Степка опять взвизгнул. И умчался хвастаться подарком.
- Наплавался, значит, - сказал Федя Борису. - Ну и как?
- Интересно. Столько всего насмотрелись, даже каша в голове.
Здорово... Только потом уже домой хотелось... И погода еще фиговая, от
Ленинграда до Ульяновска - везде холод. И в Москве дожди. А сюда
приехали - будто Африка. Первый раз оделся по-летнему, как нормальный
человек...
- А я тут ни разу не искупался даже. Мать говорит: вот приедет Борис,
тогда пожалуйста... Тебе полное доверие.
- Степку отведем и махнем! Ага?
- Ладно. Только...
- Что? - Борис чутко уловил Федину нерешительность.
А дело в том, что с утра должны были Федя и Нилка прийти к Оле и
приводить в порядок лабораторию.
Борис глянул из-под ресниц. И сказал безошибочно:
- Чегой-то царапает твою грешную душу, дядя Федор. Раскалывайся...
- Ничего не царапает! Познакомился я тут... с одними людьми. Дело
затеяли.
Ну и поведал все Борису, сердясь на себя за непонятное смущение и
виноватость и понимая, что Борис все его чувства и мысли читает как на
белом листе.
Но он же был замечательный, лучший на свете человек, Борька Штурман!
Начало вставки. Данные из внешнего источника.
(* Let $\mathcal{A}$ be a finite abelian group with $|\mathcal{A}|\ge 3$. For integers $p_1\ge 1$ and $p_2\ge 0$, let $G_2(p_1,p_2)$ be the graph consisting of a triangle $v_2v_3v_4$, a vertex $v_1$ adjacent to $v_2$, $p_1$ pendant vertices adjacent to $v_1$, and $p_2$ pendant vertices adjacent to $v_2$. Then $G_2(p_1,p_2)$ is $\mathcal{A}$-vertex magic if and only if $p_2=0$ and $|\mathcal{A}|$ is even.
   Context: A map $\ell:V(G)\to\mathcal{A}\setminus\{0\}$ is an $\mathcal{A}$-vertex magic labeling if there is $\mu\in\mathcal{A}$ with $\sum_{u\in N(v)}\ell(u)=\mu$ for every vertex $v$; $G$ is $\mathcal{A}$-vertex magic if such a labeling exists. A pendant vertex is a vertex of degree $1$. *)

theory Defs
  imports Main
begin

definition nbhd :: "'v set \<Rightarrow> ('v \<Rightarrow> 'v \<Rightarrow> bool) \<Rightarrow> 'v \<Rightarrow> 'v set" where
  "nbhd V E v = {u \<in> V. E v u}"

definition vertex_magic_labeling ::
  "'v set \<Rightarrow> ('v \<Rightarrow> 'v \<Rightarrow> bool) \<Rightarrow> ('v \<Rightarrow> 'a::ab_group_add) \<Rightarrow> bool" where
  "vertex_magic_labeling V E l \<longleftrightarrow>
     (\<forall>v\<in>V. l v \<noteq> 0) \<and> (\<exists>mu. \<forall>v\<in>V. (\<Sum>u\<in>nbhd V E v. l u) = mu)"

definition A_vertex_magic ::
  "'a::ab_group_add itself \<Rightarrow> 'v set \<Rightarrow> ('v \<Rightarrow> 'v \<Rightarrow> bool) \<Rightarrow> bool" where
  "A_vertex_magic A V E \<longleftrightarrow> (\<exists>l :: 'v \<Rightarrow> 'a. vertex_magic_labeling V E l)"

text \<open>The graph G_2(p1,p2): vertices 1..4 are v1..v4; vertices 5..4+p1 are the pendants
at v1; vertices 5+p1..4+p1+p2 are the pendants at v2.\<close>

definition G2_V :: "nat \<Rightarrow> nat \<Rightarrow> nat set" where
  "G2_V p1 p2 = {1..4 + p1 + p2}"

definition G2_base :: "nat \<Rightarrow> nat \<Rightarrow> nat \<Rightarrow> nat \<Rightarrow> bool" where
  "G2_base p1 p2 u v \<longleftrightarrow>
     (u = 1 \<and> v = 2) \<or> (u = 2 \<and> v = 3) \<or> (u = 3 \<and> v = 4) \<or> (u = 2 \<and> v = 4) \<or>
     (u = 1 \<and> 5 \<le> v \<and> v \<le> 4 + p1) \<or>
     (u = 2 \<and> 5 + p1 \<le> v \<and> v \<le> 4 + p1 + p2)"

definition G2_E :: "nat \<Rightarrow> nat \<Rightarrow> nat \<Rightarrow> nat \<Rightarrow> bool" where
  "G2_E p1 p2 u v \<longleftrightarrow> G2_base p1 p2 u v \<or> G2_base p1 p2 v u"

end

theory Submission
  imports Defs
begin

text \<open>
  In a magic labeling with constant \<mu>, a pendant at v1 forces l(v1) = \<mu>, and a pendant at v2
  would force l(v2) = \<mu>, hence l(v4) = 0. The triangle gives l(v2) + l(v3) = l(v2) + l(v4),
  so l(v3) = l(v4), and the sum around v2 becomes \<mu> + 2 l(v3) = \<mu>: the nonzero label l(v3)
  has order 2. A finite abelian group has an element of order 2 iff its order is even,
  since the involution a \<mapsto> -a fixes exactly 0 and the elements of order 2.
  Conversely, given x of order 2 and \<mu> \<notin> {0, x}, label v1 by \<mu>, v2 by \<mu> - x, v3 and v4 by x,
  and the pendants at v1 by nonzero elements summing to x; the latter exist because |A| \<ge> 3.
\<close>

lemma card_even_if_fixpoint_free_involution:
  assumes "finite S" "\<forall>a\<in>S. f a \<in> S \<and> f (f a) = a \<and> f a \<noteq> a"
  shows "even (card S)"
  using assms
proof (induction "card S" arbitrary: S rule: less_induct)
  case less
  show ?case
  proof (cases "S = {}")
    case False
    then obtain a where a: "a \<in> S" by blast
    let ?S' = "S - {a, f a}"
    have fa: "f a \<in> S" "f a \<noteq> a" using a less.prems by auto
    have "card {a, f a} \<le> card S" using a fa less.prems(1) by (intro card_mono) auto
    then have card_S: "card S = card ?S' + 2"
      using a fa less.prems(1) by (simp add: card_Diff_subset)
    have "\<forall>b\<in>?S'. f b \<in> ?S' \<and> f (f b) = b \<and> f b \<noteq> b"
      using less.prems(2) a by (metis DiffD1 DiffD2 DiffI insertCI insertE singletonD)
    then have "even (card ?S')" using less.hyps[of ?S'] card_S less.prems(1) by simp
    then show ?thesis using card_S by simp
  qed simp
qed

lemma even_card_iff_even_card_fixpoints:
  assumes "finite S" "\<forall>a\<in>S. f a \<in> S \<and> f (f a) = a"
  shows "even (card S) \<longleftrightarrow> even (card {a\<in>S. f a = a})"
proof -
  let ?F = "{a\<in>S. f a = a}"
  have "\<forall>a\<in>S - ?F. f a \<in> S - ?F \<and> f (f a) = a \<and> f a \<noteq> a"
    using assms(2) by (metis (mono_tags, lifting) Diff_iff mem_Collect_eq)
  then have "even (card (S - ?F))"
    using assms(1) by (blast intro: card_even_if_fixpoint_free_involution)
  moreover have "card S = card (S - ?F) + card ?F"
    using assms(1) by (simp add: card_Diff_subset card_mono)
  ultimately show ?thesis by simp
qed

lemma even_card_UNIV_iff_ex_order_two:
  "even (card (UNIV :: 'a::{finite, ab_group_add} set)) \<longleftrightarrow> (\<exists>x::'a. x \<noteq> 0 \<and> x + x = 0)"
proof
  assume "even (card (UNIV :: 'a set))"
  then have "even (card {a::'a. - a = a})"
    using even_card_iff_even_card_fixpoints[of "UNIV :: 'a set" uminus] by simp
  then have "{a::'a. - a = a} \<noteq> {0}" by auto
  moreover have "0 \<in> {a::'a. - a = a}" by simp
  ultimately obtain x :: 'a where "- x = x" "x \<noteq> 0" by blast
  then show "\<exists>x::'a. x \<noteq> 0 \<and> x + x = 0" by (metis add.right_inverse)
next
  assume "\<exists>x::'a. x \<noteq> 0 \<and> x + x = 0"
  then obtain x :: 'a where x: "x \<noteq> 0" "x + x = 0" by blast
  show "even (card (UNIV :: 'a set))"
    by (rule card_even_if_fixpoint_free_involution[where f="\<lambda>a. a + x"]) (auto simp: x add.assoc)
qed

lemma ex_ne_both:
  assumes "card (UNIV :: 'a set) \<ge> 3"
  shows "\<exists>z::'a. z \<noteq> a \<and> z \<noteq> b"
proof (rule ccontr)
  assume "\<not> ?thesis"
  then have "card (UNIV :: 'a set) \<le> card {a, b}"
    by (intro card_mono) auto
  also have "\<dots> \<le> 2" by (simp add: card_insert_le_m1)
  finally show False using assms by simp
qed

lemma ex_nonzero_summands:
  fixes y :: "'a::ab_group_add"
  assumes "card (UNIV :: 'a set) \<ge> 3" "finite S" "S \<noteq> {}" "y \<noteq> 0"
  shows "\<exists>g. (\<forall>i\<in>S. g i \<noteq> 0) \<and> sum g S = y"
  using assms(2-4)
proof (induction S arbitrary: y rule: finite_ne_induct)
  case (singleton a)
  then show ?case by (intro exI[of _ "\<lambda>_. y"]) simp
next
  case (insert a F)
  obtain w :: 'a where w: "w \<noteq> 0" "w \<noteq> y" using ex_ne_both[OF assms(1)] by blast
  then obtain g where g: "\<forall>i\<in>F. g i \<noteq> 0" "sum g F = y - w"
    using insert.IH[of "y - w"] by auto
  have "sum (g(a := w)) F = sum g F"
    using insert.hyps(3) by (intro sum.cong) auto
  then have "sum (g(a := w)) F = y - w" using g(2) by simp
  then show ?case
    using g(1) w insert.hyps by (intro exI[of _ "g(a := w)"]) auto
qed

lemma G2_nbhd_v1: "nbhd (G2_V p1 p2) (G2_E p1 p2) 1 = insert 2 {5..4+p1}"
  by (auto simp: nbhd_def G2_V_def G2_E_def G2_base_def)

lemma G2_nbhd_v2: "nbhd (G2_V p1 p2) (G2_E p1 p2) 2 = {1, 3, 4} \<union> {5+p1..4+p1+p2}"
  by (auto simp: nbhd_def G2_V_def G2_E_def G2_base_def)

lemma G2_nbhd_v3: "nbhd (G2_V p1 p2) (G2_E p1 p2) 3 = {2, 4}"
  by (auto simp: nbhd_def G2_V_def G2_E_def G2_base_def)

lemma G2_nbhd_v4: "nbhd (G2_V p1 p2) (G2_E p1 p2) 4 = {2, 3}"
  by (auto simp: nbhd_def G2_V_def G2_E_def G2_base_def)

lemma G2_nbhd_pendant_v1:
  "5 \<le> v \<Longrightarrow> v \<le> 4 + p1 \<Longrightarrow> nbhd (G2_V p1 p2) (G2_E p1 p2) v = {1}"
  by (auto simp: nbhd_def G2_V_def G2_E_def G2_base_def)

lemma G2_nbhd_pendant_v2:
  "5 + p1 \<le> v \<Longrightarrow> v \<le> 4 + p1 + p2 \<Longrightarrow> nbhd (G2_V p1 p2) (G2_E p1 p2) v = {2}"
  by (auto simp: nbhd_def G2_V_def G2_E_def G2_base_def)

lemma G2_magic_labeling_necessary:
  assumes "p1 \<ge> 1" "vertex_magic_labeling (G2_V p1 p2) (G2_E p1 p2) l"
  shows "p2 = 0 \<and> l 3 \<noteq> 0 \<and> l 3 + l 3 = 0"
proof -
  obtain mu where nonzero: "\<forall>v\<in>G2_V p1 p2. l v \<noteq> 0"
    and magic: "\<And>v. v \<in> G2_V p1 p2 \<Longrightarrow> (\<Sum>u\<in>nbhd (G2_V p1 p2) (G2_E p1 p2) v. l u) = mu"
    using assms(2) unfolding vertex_magic_labeling_def by blast
  have vertex: "v \<in> G2_V p1 p2" if "1 \<le> v" "v \<le> 4 + p1 + p2" for v
    using that by (simp add: G2_V_def)
  have l1: "l 1 = mu"
    using magic[OF vertex, of 5] G2_nbhd_pendant_v1[of 5 p1 p2] assms(1) by simp
  have l24: "l 2 + l 4 = mu" using magic[OF vertex, of 3] by (simp add: G2_nbhd_v3)
  have l23: "l 2 + l 3 = mu" using magic[OF vertex, of 4] by (simp add: G2_nbhd_v4)
  have l34: "l 3 \<noteq> 0" "l 4 \<noteq> 0" using nonzero vertex[of 3] vertex[of 4] by auto
  have p2: "p2 = 0"
  proof (rule ccontr)
    assume "p2 \<noteq> 0"
    then have "l 2 = mu"
      using magic[OF vertex, of "5 + p1"] G2_nbhd_pendant_v2[of p1 "5 + p1" p2] by simp
    then show False using l24 l34 by simp
  qed
  have "l 1 + (l 3 + l 4) = mu"
    using magic[OF vertex, of 2] p2 by (simp add: G2_nbhd_v2 add.assoc)
  moreover have "l 3 = l 4" using l24 l23 by (metis add_left_cancel)
  ultimately show ?thesis using p2 l1 l34 by simp
qed

lemma G2_magic_labeling_exists:
  fixes x :: "'a::ab_group_add"
  assumes "p1 \<ge> 1" "card (UNIV :: 'a set) \<ge> 3" "x \<noteq> 0" "x + x = 0"
  shows "\<exists>l :: nat \<Rightarrow> 'a. vertex_magic_labeling (G2_V p1 0) (G2_E p1 0) l"
proof -
  obtain mu :: 'a where mu: "mu \<noteq> 0" "mu \<noteq> x" using ex_ne_both[OF assms(2)] by blast
  obtain g :: "nat \<Rightarrow> 'a" where g: "\<forall>i\<in>{5..4+p1}. g i \<noteq> 0" "sum g {5..4+p1} = x"
    using ex_nonzero_summands[OF assms(2), of "{5..4+p1}" x] assms(1,3) by auto
  define l where "l v = (if v = 1 then mu else if v = 2 then mu - x
    else if v = 3 \<or> v = 4 then x else g v)" for v
  have "l v \<noteq> 0" if "v \<in> G2_V p1 0" for v
    using that mu g(1) assms(3) by (auto simp: l_def G2_V_def)
  moreover have "(\<Sum>u\<in>nbhd (G2_V p1 0) (G2_E p1 0) v. l u) = mu" if "v \<in> G2_V p1 0" for v
  proof -
    have "(\<Sum>u\<in>nbhd (G2_V p1 0) (G2_E p1 0) 1. l u) = l 2 + sum l {5..4+p1}"
      unfolding G2_nbhd_v1 by (rule sum.insert) auto
    also have "\<dots> = mu" using g(2) by (simp add: l_def)
    finally have "(\<Sum>u\<in>nbhd (G2_V p1 0) (G2_E p1 0) 1. l u) = mu" .
    moreover have "v = 1 \<or> v = 2 \<or> v = 3 \<or> v = 4 \<or> (5 \<le> v \<and> v \<le> 4 + p1)"
      using that by (auto simp: G2_V_def)
    ultimately show ?thesis
      using assms(4)
      by (auto simp: G2_nbhd_v2 G2_nbhd_v3 G2_nbhd_v4 G2_nbhd_pendant_v1 l_def add.assoc)
  qed
  ultimately show ?thesis unfolding vertex_magic_labeling_def by blast
qed

theorem proposition3p2:
  fixes p1 p2 :: nat
    and A :: "'a::{finite, ab_group_add} itself"
  assumes "p1 \<ge> 1"
    and "card (UNIV :: 'a set) \<ge> 3"
  shows "A_vertex_magic A (G2_V p1 p2) (G2_E p1 p2) \<longleftrightarrow> p2 = 0 \<and> even (card (UNIV :: 'a set))"
proof
  assume "A_vertex_magic A (G2_V p1 p2) (G2_E p1 p2)"
  then obtain l :: "nat \<Rightarrow> 'a" where "vertex_magic_labeling (G2_V p1 p2) (G2_E p1 p2) l"
    unfolding A_vertex_magic_def by blast
  then show "p2 = 0 \<and> even (card (UNIV :: 'a set))"
    using G2_magic_labeling_necessary assms(1) even_card_UNIV_iff_ex_order_two by blast
next
  assume "p2 = 0 \<and> even (card (UNIV :: 'a set))"
  then obtain x :: 'a where "p2 = 0" "x \<noteq> 0" "x + x = 0"
    using even_card_UNIV_iff_ex_order_two by blast
  then show "A_vertex_magic A (G2_V p1 p2) (G2_E p1 p2)"
    using G2_magic_labeling_exists[OF assms] unfolding A_vertex_magic_def by blast
qed

end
Он поскреб щетинистую макушку и сказал с нарочитой опаской:
- А меня-то возьмут в эту компанию? Я тоже кином интересуюсь...
- На тебя там вся надежда, - с хмурой озабоченностью сообщил Федя. -
Потому что никто не может ни молоток толком держать, ни паяльник. А
работы всякой во сколько...
- Эх, рабо-ота... - протянул Борис на мотив "Эх, дороги, пыль да
туман...".
Федя спрятал за деловитостью недавнее смущение:
- Кстати, у Ольги в школе можно будет для тебя справку выбить, что
отработал практику на киносъемке. Сейчас ведь где угодно можно
отрабатывать. Это чтобы тебе не вкалывать в августе на опытном
участке... А то прогулял июньские трудовые дела в родной школе, турист
несчастный!
Борис вдруг сказал. Строго так:
- Ты мне зубы, Феденька, не заговаривай. Боюсь я...
- Чего?!
- Не получилось бы у тебя как с Настасьей. Опять будешь изводиться до
нервного истощения...
- Да ты что!.. Вот ты сам на нее посмотришь! Разве Ольга похожа на
тех, кто крутит людям мозги?
Звездная метка
Оля думала, что Борис, о котором не раз вспоминал Федя, - это рослый
парнишка с ухватками мастерового и снисходительным взглядом старшего
приятеля. Этакий Данила-мастер. А с Федей пришел невысокий, тонкий (даже
ломкий какой-то) мальчишка с острыми локтями и торчащими, "гранеными"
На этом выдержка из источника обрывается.